TO DO
Both the line with "random coefficients of" and the line with "by linarith+" in the records below must appear in the output, along with every line between them, exactly and with nothing added.

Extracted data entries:
Segment Open
lemma vector_mult_obs_gain:
  assumes "sym_posdef S"
  shows "x v* obs_gain H S J v = matrix_inv (obs_cov H J v + S) *v (obs_cov H J v *v x)"
proof -
  have "transpose (obs_cov H J v) = obs_cov H J v"
    using pos_semidef_obs_cov unfolding pos_semidef_def by blast
  moreover have "transpose (matrix_inv (obs_cov H J v + S)) = matrix_inv (obs_cov H J v + S)"
    using pos_semidef_matrix_inv[OF pos_semidef_add_sym_posdef[OF pos_semidef_obs_cov assms]]
    unfolding pos_semidef_def by blast
  ultimately show ?thesis
    unfolding obs_gain_def by (metis vector_matrix_mul_assoc vector_transpose_matrix)
qed

lemma quad_riccati_obs_cov:
  assumes "sym_posdef S"
  shows "x \<bullet> (riccati S (obs_cov H J v) *v x)
    = (1 / (real J - 1)) * (\<Sum>j<J. ((x - x v* obs_gain H S J v) \<bullet> obs_dev H J v j)\<^sup>2)
      + (x v* obs_gain H S J v) \<bullet> (S *v (x v* obs_gain H S J v))"
  using quad_riccati_split[OF pos_semidef_obs_cov assms vector_mult_obs_gain[OF assms]]
  by (simp add: quad_obs_cov power2_eq_square)

text \<open>These bounds are uniform in the ensemble, which itself is unbounded; they make all
  random coefficients of the step formula integrable.\<close>

lemma obs_gain_bounds:
  assumes S: "sym_posdef S" and J: "J \<ge> 2"
  shows "j < J \<Longrightarrow> ((x - x v* obs_gain H S J v) \<bullet> obs_dev H J v j)\<^sup>2 \<le> (real J - 1) * (x \<bullet> (S *v x))"
    and "(x v* obs_gain H S J v) \<bullet> (S *v (x v* obs_gain H S J v)) \<le> x \<bullet> (S *v x)"
    and "((x v* obs_gain H S J v) $ c)\<^sup>2 \<le> (x \<bullet> (S *v x)) * (matrix_inv S $ c $ c)"
proof -
  define b where "b = x v* obs_gain H S J v"
  define a where "a j = (x - b) \<bullet> obs_dev H J v j" for j
  have "0 \<le> b \<bullet> (S *v b)"
    using sym_posdef_pos_semidef[OF S] unfolding pos_semidef_def by blast
  moreover have "0 \<le> (\<Sum>j<J. (a j)\<^sup>2) / (real J - 1)"
    using J by (intro divide_nonneg_nonneg sum_nonneg) auto
  moreover have "(\<Sum>j<J. (a j)\<^sup>2) / (real J - 1) + b \<bullet> (S *v b) \<le> x \<bullet> (S *v x)"
    using quad_riccati_bounds(2)[OF pos_semidef_obs_cov S, of x H J v]
    unfolding quad_riccati_obs_cov[OF S] a_def b_def by simp
  ultimately have "(\<Sum>j<J. (a j)\<^sup>2) / (real J - 1) \<le> x \<bullet> (S *v x)"
    and b_le: "b \<bullet> (S *v b) \<le> x \<bullet> (S *v x)"
    by linarith+
  then have sum_le: "(\<Sum>j<J. (a j)\<^sup>2) \<le> (real J - 1) * (x \<bullet> (S *v x))"
    using J by (simp add: pos_divide_le_eq mult.commute)
  show "j < J \<Longrightarrow> ((x - b) \<bullet> obs_dev H J v j)\<^sup>2 \<le> (real J - 1) * (x \<bullet> (S *v x))"
    using member_le_sum[of j "{..<J}" "\<lambda>j. (a j)\<^sup>2"] sum_le unfolding a_def by auto
  show "b \<bullet> (S *v b) \<le> x \<bullet> (S *v x)"
    by (rule b_le)
  have "(b $ c)\<^sup>2 \<le> (b \<bullet> (S *v b)) * (axis c 1 \<bullet> (matrix_inv S *v axis c 1))"
    using sym_posdef_cauchy_schwarz[OF S, of b "axis c 1"] by (simp add: inner_axis)
  also have "\<dots> \<le> (x \<bullet> (S *v x)) * (axis c 1 \<bullet> (matrix_inv S *v axis c 1))"
    using pos_semidef_matrix_inv[OF S] b_le unfolding pos_semidef_def by (intro mult_right_mono) auto
  finally show "(b $ c)\<^sup>2 \<le> (x \<bullet> (S *v x)) * (matrix_inv S $ c $ c)"
    by (simp only: matrix_entry_inner_axis[symmetric])
qed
Segment Closed
YOUR SOLUTION
  random coefficients of the step formula integrable.\<close>

lemma obs_gain_bounds:
  assumes S: "sym_posdef S" and J: "J \<ge> 2"
  shows "j < J \<Longrightarrow> ((x - x v* obs_gain H S J v) \<bullet> obs_dev H J v j)\<^sup>2 \<le> (real J - 1) * (x \<bullet> (S *v x))"
    and "(x v* obs_gain H S J v) \<bullet> (S *v (x v* obs_gain H S J v)) \<le> x \<bullet> (S *v x)"
    and "((x v* obs_gain H S J v) $ c)\<^sup>2 \<le> (x \<bullet> (S *v x)) * (matrix_inv S $ c $ c)"
proof -
  define b where "b = x v* obs_gain H S J v"
  define a where "a j = (x - b) \<bullet> obs_dev H J v j" for j
  have "0 \<le> b \<bullet> (S *v b)"
    using sym_posdef_pos_semidef[OF S] unfolding pos_semidef_def by blast
  moreover have "0 \<le> (\<Sum>j<J. (a j)\<^sup>2) / (real J - 1)"
    using J by (intro divide_nonneg_nonneg sum_nonneg) auto
  moreover have "(\<Sum>j<J. (a j)\<^sup>2) / (real J - 1) + b \<bullet> (S *v b) \<le> x \<bullet> (S *v x)"
    using quad_riccati_bounds(2)[OF pos_semidef_obs_cov S, of x H J v]
    unfolding quad_riccati_obs_cov[OF S] a_def b_def by simp
  ultimately have "(\<Sum>j<J. (a j)\<^sup>2) / (real J - 1) \<le> x \<bullet> (S *v x)"
    and b_le: "b \<bullet> (S *v b) \<le> x \<bullet> (S *v x)"
    by linarith+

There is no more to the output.